NAT and National Union of Journalists, Guidelines for reporting HIV,  2007.1

HIV is a highly stigmatised virus. Recognition of the uniquely stigmatised nature of HIV early in the AIDS epidemic led to the establishment of special practices for HIV in the realms of disease surveillance, partner notification, and HIV testing and counselling. These practices were intended to mitigate the public health impact of any reluctance to seek testing and treatment, by protecting the human rights of people living with HIV. This concept of 'HIV exceptionalism'2 – treating HIV differently from other communicable diseases and sexually transmitted infections – may be sending a mixed message: people living with HIV are not unlike people with other diseases, but at the same time, HIV warrants a different response. While the harmfulness of HIV is not necessarily an explicit part of this discussion, it is understandable that much of the general public concludes that there must be something particularly ominous about HIV if it is being singled out in so many ways.

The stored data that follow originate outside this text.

lemma ratio_bounded_of_err_le:
  assumes x: "inj_on x {..<n}" and W: "1 \<le> W" "2 * E x * W < 1"
    and y: "\<And>j. j < n \<Longrightarrow> av (y j - \<xi> j) \<le> (W - 1) * av (x j - \<xi> j)"
  shows "ratio_bounded av n \<xi> x y ((W - 1) / (1 - 2 * E x * W))"
  unfolding ratio_bounded_def
proof (intro allI impI)
  fix i j assume ij: "i < n" "j < n" "j \<noteq> i"
  let ?q = "av (x i - x j)" and ?\<psi> = "1 - 2 * E x * W" and ?r = "rel_err av n \<xi> x j"
  have q: "0 < ?q"
    using x ij by (auto simp: inj_on_def intro!: av_pos)
  have \<psi>: "0 < ?\<psi>"
    using W by simp
  have "0 \<le> W * E x * ?q"
    using W q E_nonneg[of x] by simp
  then have "?q * ?\<psi> \<le> ?q - W * E x * ?q"
    by (simp add: algebra_simps)
  also have "\<dots> \<le> ?q - av (y j - x j)"
    using av_displacement_le[where y = y, OF x ij(1,2) ij(3)[symmetric] W(1) y[OF ij(2)]] by simp
  also have "\<dots> \<le> av (x i - y j)"
    using av_reverse_triangle[of "x i - x j" "y j - x j"] by simp
  finally have sep: "?q * ?\<psi> \<le> av (x i - y j)" .
  have "av (y j - \<xi> j) \<le> (W - 1) * (?r * dvec av n x j)"
    using y[OF ij(2)] av_err_eq_rel_err[OF x ij(2)] by simp
  also have "\<dots> \<le> (W - 1) * (?r * ?q)"
    using dvec_le[OF ij(2,1)] ij(3) W rel_err_nonneg[OF ij(2)]
    by (simp add: av_minus_commute mult_left_mono)
  also have "\<dots> = (W - 1) / ?\<psi> * ?r * (?q * ?\<psi>)"
    using \<psi> by simp
  also have "\<dots> \<le> (W - 1) / ?\<psi> * ?r * av (x i - y j)"
    using sep W \<psi> rel_err_nonneg[OF ij(2)] by (intro mult_left_mono) auto
  moreover have "x i \<noteq> y j"
    using sep mult_pos_pos[OF q \<psi>] by auto
  ultimately show "x i \<noteq> y j \<and> av (y j - \<xi> j) \<le> (W - 1) / ?\<psi> * ?r * av (x i - y j)"
    by simp
qed

lemma TW_Suc_err_le:
  assumes "ratio_bounded av n \<xi> x (TW f n M x) (phiN p n M (E x))" "0 \<le> phiN p n M (E x)" "i < n"
  shows "av (TW f n (Suc M) x i - \<xi> i) \<le> (omegaN p n M (E x) - 1) * av (x i - \<xi> i)"
  using weierstrass_correction_le[OF assms(3,2,1)] by (simp add: omegaN_def mult_ac)

lemma TW_ratio_bounded:
  assumes x: "inj_on x {..<n}" and Psi: "Psi p n (E x) \<le> 2"
  shows "x \<in> DW f n M \<and> ratio_bounded av n \<xi> x (TW f n M x) (phiN p n M (E x))"
proof (induction M)
  case 0
  have "av (x j - \<xi> j) \<le> rel_err av n \<xi> x j * av (x i - x j)" if ij: "i < n" "j < n" "j \<noteq> i" for i j
    using av_err_eq_rel_err[OF x ij(2)] dvec_le[OF ij(2,1)] ij(3) rel_err_nonneg[OF ij(2)]
    by (simp add: av_minus_commute mult_left_mono)
  then show ?case
    using x by (auto simp: ratio_bounded_def inj_on_def)
next
  case (Suc M)
  let ?t = "E x"
  let ?W = "omegaN p n M ?t"
  have bounds: "0 \<le> phiN p n M ?t" "1 \<le> ?W" "2 * ?t * ?W < 1"
    using phiN_omegaN_bounds[OF n_ge_2 E_nonneg Psi] by auto
  have "ratio_bounded av n \<xi> x (TW f n (Suc M) x) ((?W - 1) / (1 - 2 * ?t * ?W))"
    using Suc bounds by (intro ratio_bounded_of_err_le[OF x] TW_Suc_err_le) auto
  moreover have "x \<in> DW f n (Suc M)"
    using Suc unfolding ratio_bounded_def by auto
  ultimately show ?case
    by (simp add: phiN_Suc_eq)
qed

lemma TW_Suc_err_le_omegaN:
  assumes x: "inj_on x {..<n}" and Psi: "Psi p n (E x) \<le> 2" and i: "i < n"
  shows "av (TW f n (Suc M) x i - \<xi> i) \<le> (omegaN p n M (E x) - 1) * av (x i - \<xi> i)"
  using TW_ratio_bounded[OF x Psi] phiN_omegaN_bounds[OF n_ge_2 E_nonneg Psi] i
  by (intro TW_Suc_err_le) auto

lemma DW_of_inj_on:
  assumes "inj_on x {..<n}" "Psi p n (E x) \<le> 2"
  shows "x \<in> DW f n M"
  using TW_ratio_bounded[OF assms] by blast

lemma TW_Suc_separation:
  assumes x: "inj_on x {..<n}" and Psi: "Psi p n (E x) \<le> 2" and ij: "i < n" "j < n" "i \<noteq> j"
  shows "(1 - 2 * E x * omegaN p n M (E x)) * av (x i - x j)
    \<le> av (TW f n (Suc M) x i - TW f n (Suc M) x j)"
proof -
  let ?x' = "TW f n (Suc M) x" and ?W = "omegaN p n M (E x)"
  have W: "1 \<le> ?W"
    using phiN_omegaN_bounds[OF n_ge_2 E_nonneg Psi] by auto
  have "av (?x' i - x i) \<le> ?W * E x * av (x j - x i)"
    using av_displacement_le[where y = ?x', OF x ij(2,1) ij(3)[symmetric] W TW_Suc_err_le_omegaN[OF x Psi ij(1)]] .
  moreover have "av (?x' j - x j) \<le> ?W * E x * av (x i - x j)"
    using av_displacement_le[where y = ?x', OF x ij W TW_Suc_err_le_omegaN[OF x Psi ij(2)]] .
  moreover have "av (x i - x j) \<le> av (?x' i - x i) + av (?x' i - ?x' j) + av (?x' j - x j)"
    using av_triangle_diff[of "x i" "x j" "?x' i"] av_triangle_diff[of "?x' i" "x j" "?x' j"]
      av_minus_commute[of "x i" "?x' i"] by simp
  ultimately show ?thesis
    by (simp add: av_minus_commute[of "x j"] algebra_simps)
qed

Read about how HIV-related stigma leads to social hostility, prejudice and discrimination in the chapter: Fundamentals

Read about the impact of HIV-related stigma on the ability to talk honestly about HIV in the chapter: Responsibility

In addition, HIV-related stigma perpetuates itself and prevents people from better understanding HIV: fear of being associated with the virus is not just a disincentive to HIV testing, access to treatment and care, and/or disclosing one's HIV status. HIV-related stigma is also a disincentive to learning more about the virus.

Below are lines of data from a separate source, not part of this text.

theorem mainTheorem10:
  fixes B :: "'b set" and E :: "'e set" and L :: "('e \<Rightarrow> 'b) set set"
  assumes "infinite B" and "exact_rep B E L"
  shows "\<exists>f. inj_on f (Pow (Pow B)) \<and> f ` Pow (Pow B) \<subseteq> E"
proof -
  have "Pow (Pow B) \<lesssim> ultrafilters B"
    using assms(1) by (rule ultrafilters_infinite_lepoll)
  also have "\<dots> \<lesssim> ultrafilters ({0::nat} \<rightarrow>\<^sub>E B)"
    by (rule ultrafilters_lepoll_mono[OF eqpoll_imp_lepoll[OF eqpoll_sym[OF PiE_sing_eqpoll_self]]])
  also have "\<dots> \<lesssim> E"
    using assms(2) by (rule exact_rep_ultrafilters_lepoll)
  finally show ?thesis unfolding lepoll_def .
qed

end
lemma truncation_decay:
  assumes m: "2 \<le> m" "m \<le> N"
  shows "((\<lambda>s. real m powr s * norm (dirichlet_sum (truncation N) s - 1)) \<longlongrightarrow> 0) at_top"
proof -
  define q where "q = 1 / real (Suc N)"
  define c where "c = 4 * real d * K * real (Suc N) powr (\<theta> + 2) * (\<Sum>n. real n powr - 2)"
  define Y where "Y s = 4 * real d * K * real (Suc N) powr (\<theta> + 2 - s) * (\<Sum>n. real n powr - 2)" for s
  have q: "0 < q" "q < 1" "0 < real m * q" "real m * q < 1"
    using m by (auto simp: q_def field_simps)
  have c: "c \<ge> 0"
    using K_pos by (simp add: c_def summable_real_powr_iff suminf_nonneg)
  have Y: "Y s = c * q powr s" for s
  proof -
    have "real (Suc N) powr (\<theta> + 2 - s) = real (Suc N) powr (\<theta> + 2) * q powr s"
      by (simp add: q_def powr_diff powr_divide)
    then show ?thesis by (simp add: Y_def c_def ac_simps)
  qed
  have "(Y \<longlongrightarrow> c * 0) at_top"
    unfolding Y by (intro tendsto_mult tendsto_const powr_tendsto_zero_at_top q)
  then have "\<forall>\<^sub>F s in at_top. Y s < 1"
    by (intro order_tendstoD(2)) auto
  with eventually_admissible
  have upper: "\<forall>\<^sub>F s in at_top. real m powr s * norm (dirichlet_sum (truncation N) s - 1)
                 \<le> 2 * c * (real m * q) powr s"
  proof eventually_elim
    case (elim s)
    have "norm (dirichlet_sum (truncation N) s - 1) \<le> exp (Y s) - 1"
      unfolding Y_def by (rule norm_dirichlet_sum_truncation_minus_one_le[OF elim(1)])
    also have "\<dots> \<le> 2 * Y s"
      using elim(2) c q by (intro exp_minus_one_le_double) (auto simp: Y)
    finally have "real m powr s * norm (dirichlet_sum (truncation N) s - 1) \<le> real m powr s * (2 * Y s)"
      by (rule mult_left_mono) simp
    also have "\<dots> = 2 * c * (real m * q) powr s"
      using q by (simp add: Y powr_mult)
    finally show ?case .
  qed
  have "((\<lambda>s. 2 * c * (real m * q) powr s) \<longlongrightarrow> 2 * c * 0) at_top"
    by (intro tendsto_mult tendsto_const powr_tendsto_zero_at_top q)
  then show ?thesis
    by (intro tendsto_sandwich[OF _ upper tendsto_const]) auto
qed
(* Let $\mathcal{X}\subseteq\mathbb{R}^m$ be countable and let $\widehat\nu = \sum_{j=1}^N\widehat\nu_j\delta_{\widehat x_j}$ be a probability mass function supported on $N$ distinct points $\widehat x_1,\dots,\widehat x_N\in\mathcal{X}$ with $\widehat\nu_j>0$ and $\sum_j\widehat\nu_j = 1$. Let $f:\mathbb{R}\to\mathbb{R}$ be convex with $f(1)=0$, and for $\varepsilon\ge0$ let $\mathbb{B}_f(\widehat\nu,\varepsilon) = \{\nu\in\mathcal{M}(\mathcal{X}) : D_f(\widehat\nu\parallel\nu)\le\varepsilon\}$. Then for any $\varepsilon\ge0$ and $x\in\mathcal{X}$ there exists $\nu^\star_f\in\mathbb{B}_f(\widehat\nu,\varepsilon)$ with $\sup_{\nu\in\mathbb{B}_f(\widehat\nu,\varepsilon)}\nu(x) = \nu^\star_f(x)$. Moreover, $\nu^\star_f$ is supported on at most $N+1$ points and $\mathrm{supp}(\nu^\star_f)\subseteq\mathrm{supp}(\widehat\nu)\cup\{x\}$.
   Context: $\mathcal{M}(\mathcal{X})$ is the set of probability mass functions on $\mathcal{X}$. The $f$-divergence between $\nu_1,\nu_2\in\mathcal{M}(\mathcal{X})$ is $D_f(\nu_1\parallel\nu_2) = \sum_{z\in\mathcal{X}} f(\nu_1(z)/\nu_2(z))\,\nu_2(z)$. *)

theory Defs
  imports "HOL-Probability.Probability"
begin

text \<open>Recession constant of f: f'(\<infinity>) = sup over t > 0 of (f t - f 0)/t
  (= lim f(t)/t as t goes to infinity for convex f); may be +\<infinity>.\<close>
definition frec :: "(real \<Rightarrow> real) \<Rightarrow> ereal" where
  "frec f = (SUP t\<in>{0<..}. ereal ((f t - f 0) / t))"

text \<open>Perspective term b * f(a/b) with the usual conventions:
  0 * f(0/0) = 0 and 0 * f(a/0) = a * f'(\<infinity>) for a > 0.\<close>
definition fterm :: "(real \<Rightarrow> real) \<Rightarrow> real \<Rightarrow> real \<Rightarrow> ereal" where
  "fterm f a b = (if b > 0 then ereal (b * f (a / b))
                  else if a = 0 then 0 else ereal a * frec f)"

definition fdiv :: "(real \<Rightarrow> real) \<Rightarrow> 'a set \<Rightarrow> 'a pmf \<Rightarrow> 'a pmf \<Rightarrow> ereal" where
  "fdiv f X nu1 nu2 = (\<Sum>\<^sub>\<infinity>z\<in>X. fterm f (pmf nu1 z) (pmf nu2 z))"

definition fball :: "(real \<Rightarrow> real) \<Rightarrow> 'a set \<Rightarrow> 'a pmf \<Rightarrow> real \<Rightarrow> 'a pmf set" where
  "fball f X nuhat eps = {nu. set_pmf nu \<subseteq> X \<and> fdiv f X nuhat nu \<le> ereal eps}"

end

theory Submission
  imports Defs
begin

For most people, knowledge and understanding of HIV is gleaned from news and entertainment media: newspaper, magazine and internet articles; radio and television news reports; and non-documentary television programmes and films. Very few of these media portray HIV-related risks or harms accurately or realisticallyi and often use sensational and derogatory reportage and terminology.3,4

Furthermore, contradictory perspectives among people engaged in different aspects of the global response to HIV may add to the confusion about the 'harm' of HIV. To one degree or another, most approaches to HIV prevention emphasise the potential harmfulness of the virus; this is why people are being asked to take note of the prevention information being presented. When there is reporting on new evidence related to interventions that may reduce the likelihood of acquiring or transmitting HIV (such as male circumcision in the case of the former,ii or effective ART taken by people living with HIV in the latter), public health experts may feel compelled to stress the residual risks and harms that still remain, out of concern that the public will seize on the ‘good news’ as justification for abandoning various HIV-prevention measures.iii Such messages can make it very difficult to accurately assess how 'dangerous' HIV actually is.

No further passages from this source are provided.